I'm skeptical of the "UVB" option on the SD panels. I believe that those bulbs are this:
https://www.amazon.com/Qslqyb-Spectrum-Reptilian-Aquarium-Lighting/dp/B07PMJV82Y

It is a halogen bulb, which doesn't emit any appreciable UVB, and it is wildly unlikely that the trace amount of UVB it emits is not in the spectral range for D3 synthesis. Halogen lamps emit mostly heat, which is not likely going to be needed for your crestie. It is unlikely that your viv plants will appreciate a heat spot, either.

If you want UVB for your gecko, use either Zoo Med or Arcadia linear T5HO lamps. 

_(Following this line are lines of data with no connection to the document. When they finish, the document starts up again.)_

(* Assume $S\times M\neq\emptyset$, let $(x,\lambda):[t_0,+\infty[\ \to X\times Y$ be a solution of (AHT), suppose there exists $t_+\ge t_0$ such that $\varepsilon^2(t)+\dot\varepsilon(t)\ge0$ and $2\varepsilon(t)\dot\varepsilon(t)+\ddot\varepsilon(t)\le0$ for all $t\ge t_+$, and suppose there exists $\alpha>0$ with $\|T(x,\lambda)-T(\xi,\eta)\|^2\ge\alpha\|(x,\lambda)-(\xi,\eta)\|^2$ for all $(x,\lambda),(\xi,\eta)\in X\times Y$. Then for $(\bar x,\bar\lambda)\in S\times M$, \[ \|(x(t),\lambda(t))-(\bar x,\bar\lambda)\|^2=\mathcal{O}\big(e^{-2\rho(t)}+\varepsilon^2(t)\big)\quad\text{as } t\to+\infty. \]
   Context: $X,Y$ are real Hilbert spaces; $X\times Y$ carries the product inner product and norm $\|\cdot\|$. Standing assumptions: $f:X\to\mathbb{R}$ is convex and continuously differentiable with $\nabla f$ Lipschitz continuous on bounded subsets of $X$; $A:X\to Y$ is linear and continuous with adjoint $A^*$; $b\in Y$; $\varepsilon:[t_0,+\infty[\ \to\ ]0,+\infty[$ ($t_0\ge0$) is twice continuously differentiable with $\lim_{t\to+\infty}\varepsilon(t)=0$. $L(x,\lambda)=f(x)+\langle\lambda,Ax-b\rangle_Y$ and $T(x,\lambda)=(\nabla f(x)+A^*\lambda,\ b-Ax)$. $S$ is the set of optimal solutions of $\min\{f(x):Ax=b\}$, $M$ the set of Lagrange multipliers; $S\times M$ is the set of saddle points of $L$, equal to the zero set of $T$. $\rho(t)=\int_{t_0}^t\varepsilon(\tau)\,d\tau$. (AHT) is the system $\dot x+\nabla f(x)+A^*\lambda+\varepsilon(t)x=0$, $\dot\lambda+b-Ax+\varepsilon(t)\lambda=0$; a solution is a continuously differentiable $(x,\lambda):[t_0,+\infty[\ \to X\times Y$ satisfying it on $[t_0,+\infty[$ (existence and uniqueness for every initial datum is assumed). *)

theory Defs
  imports "HOL-Analysis.Analysis" "HOL-Library.Landau_Symbols"
begin

definition opt_set :: "('x \<Rightarrow> real) \<Rightarrow> ('x \<Rightarrow> 'y) \<Rightarrow> 'y \<Rightarrow> 'x set" where
  "opt_set f A b = {x. A x = b \<and> (\<forall>z. A z = b \<longrightarrow> f x \<le> f z)}"

definition mult_set :: "('x::real_vector \<Rightarrow> real) \<Rightarrow> ('x \<Rightarrow> 'x) \<Rightarrow> ('x \<Rightarrow> 'y) \<Rightarrow> ('y \<Rightarrow> 'x) \<Rightarrow> 'y \<Rightarrow> 'y set" where
  "mult_set f gradf A Astar b = {lam. \<exists>xb\<in>opt_set f A b. gradf xb + Astar lam = 0}"

definition Top :: "('x::real_vector \<Rightarrow> 'x) \<Rightarrow> ('x \<Rightarrow> 'y::real_vector) \<Rightarrow> ('y \<Rightarrow> 'x) \<Rightarrow> 'y \<Rightarrow> 'x \<times> 'y \<Rightarrow> 'x \<times> 'y" where
  "Top gradf A Astar b z = (gradf (fst z) + Astar (snd z), b - A (fst z))"

end

theory Submission
  imports Defs
begin
theorem lemma2p1:
  fixes ap :: "zhat \<Rightarrow> nat \<Rightarrow> nat"
    and t :: "('a::finite) muterm"
    and x y :: "nat \<Rightarrow> 'a list"
  assumes "approx_ok ap"
    and "factorization_seq ap t x y"
  shows "(\<exists>\<sigma> s. strict_mono \<sigma> \<and> pconv (x \<circ> \<sigma>) (mu_value s)) \<and>
         (\<exists>\<sigma> s. strict_mono \<sigma> \<and> pconv (y \<circ> \<sigma>) (mu_value s))"
proof -
  have "\<forall>n. x n @ y n = apxs ap (id n) t"
    using assms(2) unfolding factorization_seq_def by simp
  then have "jointly_subconverge x y"
    using splits_subconverge_apxs[OF assms(1), of t] strict_mono_id
    unfolding splits_subconverge_def by blast
  then show ?thesis
    unfolding jointly_subconverge_def by blast
qed

end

My 2 cents is to get a SD panel with a LED spot (20w or more), and skip the UVB entirely unless you really like to spend money on equipment and electricity.


----------



## gryfer29 (Feb 12, 2019)

Socratic Monologue said:


> I came here to recommend SD, also. Great panels.
> 
> I'm skeptical of the "UVB" option on the SD panels. I believe that those bulbs are this:
> https://www.amazon.com/Qslqyb-Spectrum-Reptilian-Aquarium-Lighting/dp/B07PMJV82Y
> ...


ya the UVB sounds pretty sketchy, I don't think they require it anyways. The Fixture looks pretty seamless, like you could run a mist king tube around it and it wouldn't look messy. I think I know what to get.


----------



## MBrady (Oct 5, 2018)

I have a AI Prime on my 18x18x36. Nothing comes close in the ability to control color, light-cycles, ramping up and down, you can even program clouds and lightning if you're into that type of thing. I have no issues growing plants on the bottom. It's a great light but it requires you to carefully plan out your plant choices and location. If you run it at 100% you will have very intense light (48 Watts) from a relatively small source. I have a central column with many orchids which makes this more challenging. 

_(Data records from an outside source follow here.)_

lemma lattice3_scaleR: "k \<in> \<int> \<Longrightarrow> x \<in> lattice3 \<Longrightarrow> k *\<^sub>R x \<in> lattice3"
  by (simp add: lattice3_def)

lemma zero_in_lattice3: "0 \<in> lattice3"
  by (simp add: lattice3_def)

lemma inner_lattice3_Ints: "x \<in> lattice3 \<Longrightarrow> y \<in> lattice3 \<Longrightarrow> x \<bullet> y \<in> \<int>"
  by (simp add: lattice3_def inner_vec_def sum_3)

lemma cross3_lattice3: "x \<in> lattice3 \<Longrightarrow> y \<in> lattice3 \<Longrightarrow> cross3 x y \<in> lattice3"
  unfolding lattice3_def forall_3 by (simp add: cross3_def)

lemma Ints_abs_mult_eq_1:
  fixes x y :: real
  assumes "x \<in> \<int>" "y \<in> \<int>" "\<bar>x * y\<bar> = 1"
  shows "\<bar>x\<bar> = 1"
proof -
  obtain i j where "x = of_int i" "y = of_int j" using assms(1,2) by (auto elim!: Ints_cases)
  then have "\<bar>i * j\<bar> = 1" using assms(3) by (metis of_int_abs of_int_eq_1_iff of_int_mult)
  then have "\<bar>i\<bar> = 1" by (auto simp: abs_mult zmult_eq_1_iff)
  then show ?thesis using \<open>x = of_int i\<close> by simp
qed

lemma triple_product_expansion:
  fixes a p q x :: "real^3"
  shows "(a \<bullet> cross3 p q) *\<^sub>R x = (x \<bullet> cross3 p q) *\<^sub>R a + (x \<bullet> cross3 q a) *\<^sub>R p + (x \<bullet> cross3 a p) *\<^sub>R q"
  unfolding vec_eq_iff forall_3 by (simp add: cross3_def inner_vec_def sum_3) algebra

lemma triple_product_rotate:
  fixes a p q :: "real^3"
  shows "p \<bullet> cross3 q a = a \<bullet> cross3 p q" "q \<bullet> cross3 a p = a \<bullet> cross3 p q"
  by (simp_all add: cross3_simps)

text \<open>By Cramer's rule the coordinates of x in a basis a, p, q are x \<bullet> (p \<times> q), x \<bullet> (q \<times> a) and
  x \<bullet> (a \<times> p), each divided by a \<bullet> (p \<times> q); \<open>basis_map\<close> sends them to the same combination of
  a', p', q'.\<close>
definition basis_map :: "real^3 \<Rightarrow> real^3 \<Rightarrow> real^3 \<Rightarrow> real^3 \<Rightarrow> real^3 \<Rightarrow> real^3 \<Rightarrow> real^3^3" where
  "basis_map a p q a' p' q' =
     (\<chi> i j. (a'$i * cross3 p q $ j + p'$i * cross3 q a $ j + q'$i * cross3 a p $ j) / (a \<bullet> cross3 p q))"

lemma basis_map_apply:
  "basis_map a p q a' p' q' *v x =
     (1 / (a \<bullet> cross3 p q)) *\<^sub>R ((x \<bullet> cross3 p q) *\<^sub>R a' + (x \<bullet> cross3 q a) *\<^sub>R p' + (x \<bullet> cross3 a p) *\<^sub>R q')"
  unfolding vec_eq_iff
  by (simp add: basis_map_def matrix_vector_mult_def inner_vec_def sum_divide_distrib
      add_divide_distrib sum.distrib sum_distrib_left algebra_simps)

lemma basis_map_basis:
  assumes "a \<bullet> cross3 p q \<noteq> 0"
  shows "basis_map a p q a' p' q' *v a = a'" "basis_map a p q a' p' q' *v p = p'"
    "basis_map a p q a' p' q' *v q = q'"
  using assms triple_product_rotate[of a p q] by (simp_all add: basis_map_apply dot_cross_self)

lemma basis_map_combination:
  assumes "a \<bullet> cross3 p q \<noteq> 0"
  shows "basis_map a p q a' p' q' *v (k0 *\<^sub>R a + k1 *\<^sub>R p + k2 *\<^sub>R q) = k0 *\<^sub>R a' + k1 *\<^sub>R p' + k2 *\<^sub>R q'"
  using basis_map_basis[OF assms] by (simp add: matrix_vector_right_distrib matrix_vector_mult_scaleR)

lemma basis_map_in_GL3Z:
  assumes lat: "a \<in> lattice3" "p \<in> lattice3" "q \<in> lattice3"
    and lat': "a' \<in> lattice3" "p' \<in> lattice3" "q' \<in> lattice3"
    and gen: "lattice3 \<subseteq> integer_combinations a p q"
    and D: "a \<bullet> cross3 p q \<noteq> 0" and D': "\<bar>a' \<bullet> cross3 p' q'\<bar> = 1"
  shows "basis_map a p q a' p' q' \<in> GL3Z"
proof -
  define A where "A = basis_map a p q a' p' q'"
  have entries: "A $ i $ j \<in> \<int>" for i j
  proof -
    have "axis j 1 \<in> lattice3" by (simp add: lattice3_def axis_def)
    then obtain k0 k1 k2 where k: "k0 \<in> \<int>" "k1 \<in> \<int>" "k2 \<in> \<int>"
      and ax: "axis j 1 = k0 *\<^sub>R a + k1 *\<^sub>R p + k2 *\<^sub>R q"
      using gen by (auto simp: integer_combinations_def)
    have "A *v axis j 1 = k0 *\<^sub>R a' + k1 *\<^sub>R p' + k2 *\<^sub>R q'"
      unfolding ax A_def using D by (rule basis_map_combination)
    also have "\<dots> \<in> lattice3" using k lat' by (intro lattice3_add lattice3_scaleR)
    finally show ?thesis by (simp add: lattice3_def matrix_vector_mult_basis column_def)
  qed
  \<comment> \<open>A linear map multiplies triple products by its determinant.\<close>
  have "a' \<bullet> cross3 p' q' = a \<bullet> (transpose A *v cross3 (A *v p) (A *v q))"
    using basis_map_basis[OF D] unfolding A_def
    by (metis dot_lmul_matrix inner_commute transpose_matrix_vector)
  also have "\<dots> = det A * (a \<bullet> cross3 p q)" by (simp only: cross_matrix_mult inner_scaleR_right)
  finally have "\<bar>det A * (a \<bullet> cross3 p q)\<bar> = 1" using D' by simp
  moreover have "det A \<in> \<int>" unfolding det_3 using entries by (intro Ints_add Ints_diff Ints_mult)
  moreover have "a \<bullet> cross3 p q \<in> \<int>" using lat by (simp add: inner_lattice3_Ints cross3_lattice3)
  ultimately have "\<bar>det A\<bar> = 1" by (rule Ints_abs_mult_eq_1[rotated -1])
  then show ?thesis using entries by (simp add: GL3Z_def A_def)
qed

section \<open>Convex geometry of the pyramid\<close>

lemma zero_in_interior_convex_hull_halfspace:
  fixes V :: "'a::euclidean_space set"
  assumes "0 \<in> interior (convex hull V)" "\<forall>v\<in>V. 0 \<le> g \<bullet> v + k" "g \<noteq> 0"
  shows "0 < k"
proof -
  have "convex hull V \<subseteq> {x. g \<bullet> x \<ge> - k}"
    using assms(2) by (intro hull_minimal) (auto simp: convex_halfspace_ge)
  then have "interior (convex hull V) \<subseteq> {x. g \<bullet> x > - k}"
    using interior_mono interior_halfspace_ge[OF assms(3)] by metis
  then show ?thesis using assms(1) by auto
qed

lemma convex_combination4_in_hull:
  assumes "0 \<le> l0" "0 \<le> l1" "0 \<le> l2" "0 \<le> l3" "l0 + l1 + l2 + l3 = 1"
  shows "l0 *\<^sub>R v0 + l1 *\<^sub>R v1 + l2 *\<^sub>R v2 + l3 *\<^sub>R v3 \<in> convex hull {v0, v1, v2, v3}"
proof -
  define l where "l = (\<lambda>i::nat. if i = 0 then l0 else if i = 1 then l1 else if i = 2 then l2 else l3)"
  define v where "v = (\<lambda>i::nat. if i = 0 then v0 else if i = 1 then v1 else if i = 2 then v2 else v3)"
  have "(\<Sum>i<4. l i *\<^sub>R v i) \<in> convex hull {v0, v1, v2, v3}"
    using assms by (intro convex_sum) (auto simp: l_def v_def lessThan_nat_numeral intro: hull_inc)
  then show ?thesis by (simp add: l_def v_def lessThan_nat_numeral add_ac)
qed

lemma zero_in_interior_tetrahedron:
  fixes v0 v1 v2 v3 :: "real^3"
  defines "u1 \<equiv> v1 - v0" and "u2 \<equiv> v2 - v0" and "u3 \<equiv> v3 - v0"
  assumes T: "u1 \<bullet> cross3 u2 u3 \<noteq> 0"
    and l: "0 < l1" "0 < l2" "0 < l3" "l1 + l2 + l3 < 1"
    and zero: "v0 + l1 *\<^sub>R u1 + l2 *\<^sub>R u2 + l3 *\<^sub>R u3 = 0"
  shows "0 \<in> interior (convex hull {v0, v1, v2, v3})"
proof -
  define T where "T = u1 \<bullet> cross3 u2 u3"
  define c1 where "c1 x = (x - v0) \<bullet> cross3 u2 u3 / T" for x
  define c2 where "c2 x = (x - v0) \<bullet> cross3 u3 u1 / T" for x
  define c3 where "c3 x = (x - v0) \<bullet> cross3 u1 u2 / T" for x
  define U where "U = {x. 0 < c1 x \<and> 0 < c2 x \<and> 0 < c3 x \<and> c1 x + c2 x + c3 x < 1}"
  have "open U"
    unfolding U_def c1_def c2_def c3_def Collect_conj_eq
    by (intro open_Int open_Collect_less continuous_intros) (use T in \<open>auto simp: T_def\<close>)
  moreover have "c1 0 = l1" "c2 0 = l2" "c3 0 = l3"
  proof -
    have "0 - v0 = l1 *\<^sub>R u1 + l2 *\<^sub>R u2 + l3 *\<^sub>R u3"
      by (subst zero[symmetric]) simp
    then show "c1 0 = l1" "c2 0 = l2" "c3 0 = l3"
      using T triple_product_rotate[of u1 u2 u3]
      by (simp_all add: c1_def c2_def c3_def T_def inner_add_left dot_cross_self)
  qed
  then have "0 \<in> U" using l by (simp add: U_def)
  moreover have "U \<subseteq> convex hull {v0, v1, v2, v3}"
  proof
    fix x assume "x \<in> U"
    then have pos: "0 < c1 x" "0 < c2 x" "0 < c3 x" "c1 x + c2 x + c3 x < 1" by (auto simp: U_def)
    have "T *\<^sub>R (x - v0) = T *\<^sub>R (c1 x *\<^sub>R u1 + c2 x *\<^sub>R u2 + c3 x *\<^sub>R u3)"
      using triple_product_expansion[of u1 u2 u3 "x - v0"] T
      by (simp add: T_def c1_def c2_def c3_def scaleR_add_right)
    then have "x - v0 = c1 x *\<^sub>R u1 + c2 x *\<^sub>R u2 + c3 x *\<^sub>R u3"
      using T by (simp add: T_def)
    then have "x = (1 - c1 x - c2 x - c3 x) *\<^sub>R v0 + c1 x *\<^sub>R v1 + c2 x *\<^sub>R v2 + c3 x *\<^sub>R v3"
      by (simp add: u1_def u2_def u3_def algebra_simps)
    also have "\<dots> \<in> convex hull {v0, v1, v2, v3}"
      using pos by (intro convex_combination4_in_hull) auto
    finally show "x \<in> convex hull {v0, v1, v2, v3}" .
  qed
  ultimately show ?thesis using interiorI by blast
qed

lemma parallelogram_point_in_hull:
  fixes a p q :: "'a::real_vector"
  assumes "0 \<le> \<beta>" "\<beta> \<le> 1" "0 \<le> \<gamma>" "\<gamma> \<le> 1"
  shows "a + \<beta> *\<^sub>R p + \<gamma> *\<^sub>R q \<in> convex hull {a, a + p, a + p + q, a + q}"
proof -
  let ?H = "convex hull {a, a + p, a + p + q, a + q}"
  have edge1: "(1 - \<beta>) *\<^sub>R a + \<beta> *\<^sub>R (a + p) \<in> ?H"
    and edge2: "(1 - \<beta>) *\<^sub>R (a + q) + \<beta> *\<^sub>R (a + p + q) \<in> ?H"
    using assms by (intro convexD convex_convex_hull hull_inc; simp)+
  have "(1 - \<gamma>) *\<^sub>R ((1 - \<beta>) *\<^sub>R a + \<beta> *\<^sub>R (a + p))
      + \<gamma> *\<^sub>R ((1 - \<beta>) *\<^sub>R (a + q) + \<beta> *\<^sub>R (a + p + q)) \<in> ?H"
    by (rule convexD[OF convex_convex_hull edge1 edge2]) (use assms in auto)
  then show ?thesis by (simp add: algebra_simps)
qed

lemma pyramid_point_in_hull:
  fixes a p q :: "'a::real_vector"
  assumes "0 \<le> \<beta>" "\<beta> \<le> t" "0 \<le> \<gamma>" "\<gamma> \<le> t" "t \<le> 1"
  shows "t *\<^sub>R a + \<beta> *\<^sub>R p + \<gamma> *\<^sub>R q \<in> convex hull {0, a, a + p, a + p + q, a + q}"
proof (cases "t = 0")
  case True
  then show ?thesis using assms by (simp add: hull_inc)
next
  case False
  then have "t > 0" using assms by linarith
  have "a + (\<beta> / t) *\<^sub>R p + (\<gamma> / t) *\<^sub>R q \<in> convex hull {a, a + p, a + p + q, a + q}"
    using assms \<open>t > 0\<close> by (intro parallelogram_point_in_hull) auto
  also have "\<dots> \<subseteq> convex hull {0, a, a + p, a + p + q, a + q}" by (intro hull_mono) auto
  finally have "(1 - t) *\<^sub>R 0 + t *\<^sub>R (a + (\<beta> / t) *\<^sub>R p + (\<gamma> / t) *\<^sub>R q)
      \<in> convex hull {0, a, a + p, a + p + q, a + q}"
    using assms \<open>t > 0\<close> by (intro convexD) (auto intro: hull_inc)
  then show ?thesis using \<open>t > 0\<close> by (simp add: scaleR_add_right)
qed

I love the ability to control this light and am getting great growth, but sometimes I wonder if the SD panel would have been the better choice with a better spread of the light. I don't think you can go wrong with either choice.


----------



## Socratic Monologue (Apr 7, 2018)

@MBrady, for clarification: that's a FW Prime?


----------



## chefboyardee (May 31, 2013)

1+ on spectral

I have his lights over two of my tanks and they're both showing tons of growth compared to my old setup


----------



## MBrady (Oct 5, 2018)

@SM, yes I am using the freshwater AI. I also have reeftank with several AI lights and can attest to the quality of these lights. I posted a similar thread when I was searching for options and i got the impression that no one had heard of these on the forums. 

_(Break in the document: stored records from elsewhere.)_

definition sAT :: "nat \<Rightarrow> nat \<Rightarrow> (nat \<Rightarrow> nat \<Rightarrow> nat \<Rightarrow> real) \<Rightarrow> (nat \<Rightarrow> real) set \<Rightarrow> real" where
  "sAT n m a T = (\<integral>gg. (SUP t\<in>T. \<bar>\<Sum>i<n. \<Sum>j<n. \<Sum>k<m. a i j k * fst gg i * snd gg j * t k\<bar>)
      \<partial>(gauss_vec n \<Otimes>\<^sub>M gauss_vec n))"

end

theory Submission
  imports Defs
begin

text \<open>The map \<open>x \<mapsto> \<beta>\<^sub>A\<^sub>,\<^sub>T(x)\<close> is a seminorm on \<open>\<real>\<^sup>n\<close> and \<open>s\<^sub>A(T) = \<bbbE> \<beta>\<^sub>A\<^sub>,\<^sub>T(G)\<close> for a standard
  Gaussian vector \<open>G\<close>, so by Markov's inequality the set \<open>K = {\<beta>\<^sub>A\<^sub>,\<^sub>T \<le> 3 s\<^sub>A(T)}\<close> has Gaussian
  measure at least \<open>2/3\<close>. Let \<open>x\<^sub>1, \<dots>, x\<^sub>N \<in> B\<^sub>2\<^sup>n\<close> be \<open>\<delta>\<close>-separated for \<open>\<beta>\<^sub>A\<^sub>,\<^sub>T\<close>, where
  \<open>\<delta> = r\<^sup>-\<^sup>1\<^sup>/\<^sup>2 s\<^sub>A(T) / 2\<close>, and put \<open>\<theta> = 12 \<surd>r\<close>, so that \<open>\<theta> \<delta> = 6 s\<^sub>A(T)\<close>. Then the translates
  \<open>K - \<theta> x\<^sub>i\<close> are pairwise disjoint, and so are the \<open>K + \<theta> x\<^sub>i\<close>. By the Cameron--Martin formula the
  Gaussian measures of \<open>K - \<theta> x\<^sub>i\<close> and \<open>K + \<theta> x\<^sub>i\<close> add up to at least
  \<open>2 exp (-\<theta>\<^sup>2/2) \<gamma>(K)\<close>, hence \<open>N \<le> 3/2 exp (72 r)\<close> (dual Sudakov inequality). A maximal
  separated family is a \<open>\<delta>\<close>-net, and its \<open>\<delta>\<close>-neighbourhoods decompose \<open>U\<close> into at most
  \<open>exp (216 r)\<close> pieces of \<open>\<beta>\<^sub>A\<^sub>,\<^sub>T\<close>-diameter at most \<open>2 \<delta>\<close>.\<close>

section \<open>Standard Gaussian vectors and their translates\<close>

lemma prob_space_std_normal_distribution: "prob_space std_normal_distribution"
  using real_dist_normal_dist by (simp add: real_distribution_def)

lemma prob_space_gauss_vec: "prob_space (gauss_vec n)"
  unfolding gauss_vec_def by (intro prob_space_PiM prob_space_std_normal_distribution)

lemma space_gauss_vec: "space (gauss_vec n) = PiE {..<n} (\<lambda>_. UNIV)"
  unfolding gauss_vec_def by (simp add: space_PiM)

lemma measurable_gauss_vec_component[measurable]: "(\<lambda>g. g i) \<in> borel_measurable (gauss_vec n)"
proof (cases "i < n")
  case True
  have "(\<lambda>g. g i) \<in> measurable (gauss_vec n) std_normal_distribution"
    unfolding gauss_vec_def by (rule measurable_component_singleton) (simp add: True)
  then show ?thesis
    by (simp add: measurable_cong_sets[OF refl sets_density])
next
  case False
  then have "g i = undefined" if "g \<in> space (gauss_vec n)" for g
    using that by (auto simp: space_gauss_vec PiE_def extensional_def)
  then show ?thesis
    by (subst measurable_cong[where g = "\<lambda>_. undefined"]) auto
qed

lemma integrable_gauss_vec_abs_component:
  assumes "i < n"
  shows "integrable (gauss_vec n) (\<lambda>g. \<bar>g i\<bar>)"
proof -
  have "distr (gauss_vec n) std_normal_distribution (\<lambda>g. g i) = std_normal_distribution"
    unfolding gauss_vec_def using assms prob_space_std_normal_distribution
    by (intro distr_PiM_component) auto
  moreover have "integrable std_normal_distribution (\<lambda>x. \<bar>x\<bar>)"
    using integrable_abs[OF integrable_std_normal_distribution_moment[of 1]] by simp
  ultimately have "integrable (distr (gauss_vec n) std_normal_distribution (\<lambda>g. g i)) abs"
    by simp
  then show ?thesis
    by (subst (asm) integrable_distr_eq)
       (auto simp: measurable_cong_sets[OF refl sets_density])
qed

lemma emeasure_std_normal_translate:
  assumes [measurable]: "A \<in> sets borel"
  shows "emeasure std_normal_distribution {x. x + c \<in> A}
    = emeasure (density lborel (normal_density c 1)) A"
proof -
  have "emeasure std_normal_distribution {x. x + c \<in> A}
      = (\<integral>\<^sup>+x. ennreal (normal_density c 1 (c + x)) * indicator A (c + x) \<partial>lborel)"
    by (subst emeasure_density)
       (auto intro!: nn_integral_cong simp: normal_density_def indicator_def add.commute)
  also have "\<dots> = (\<integral>\<^sup>+x. ennreal (normal_density c 1 x) * indicator A x \<partial>lborel)"
    using nn_integral_real_affine[of "\<lambda>x. ennreal (normal_density c 1 x) * indicator A x" 1 c]
    by simp
  also have "\<dots> = emeasure (density lborel (normal_density c 1)) A"
    by (subst emeasure_density) (auto simp: mult.commute)
  finally show ?thesis .
qed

I hope to start a thread for my build one of these days.


----------



## SoloSK71 (Dec 25, 2018)

MBrady said:


> @SM, yes I am using the freshwater AI. I also have reeftank with several AI lights and can attest to the quality of these lights. I posted a similar thread when I was searching for options and i got the impression that no one had heard of these on the forums.
> 
> I hope to start a thread for my build one of these days.


These are great lights, as are the Radion FW lights, but cost-wise I can light 3 tanks with SD lights for the cost of a single AI or Radion 

Solo


----------



## Socratic Monologue (Apr 7, 2018)

SoloSK71 said:


> These are great lights, as are the Radion FW lights, but cost-wise I can light 3 tanks with SD lights for the cost of a single AI or Radion
> 
> Solo


Yeah, but you can't adjust the color temperature on the SD lights while sitting in the bathroom at the airport...very important feature...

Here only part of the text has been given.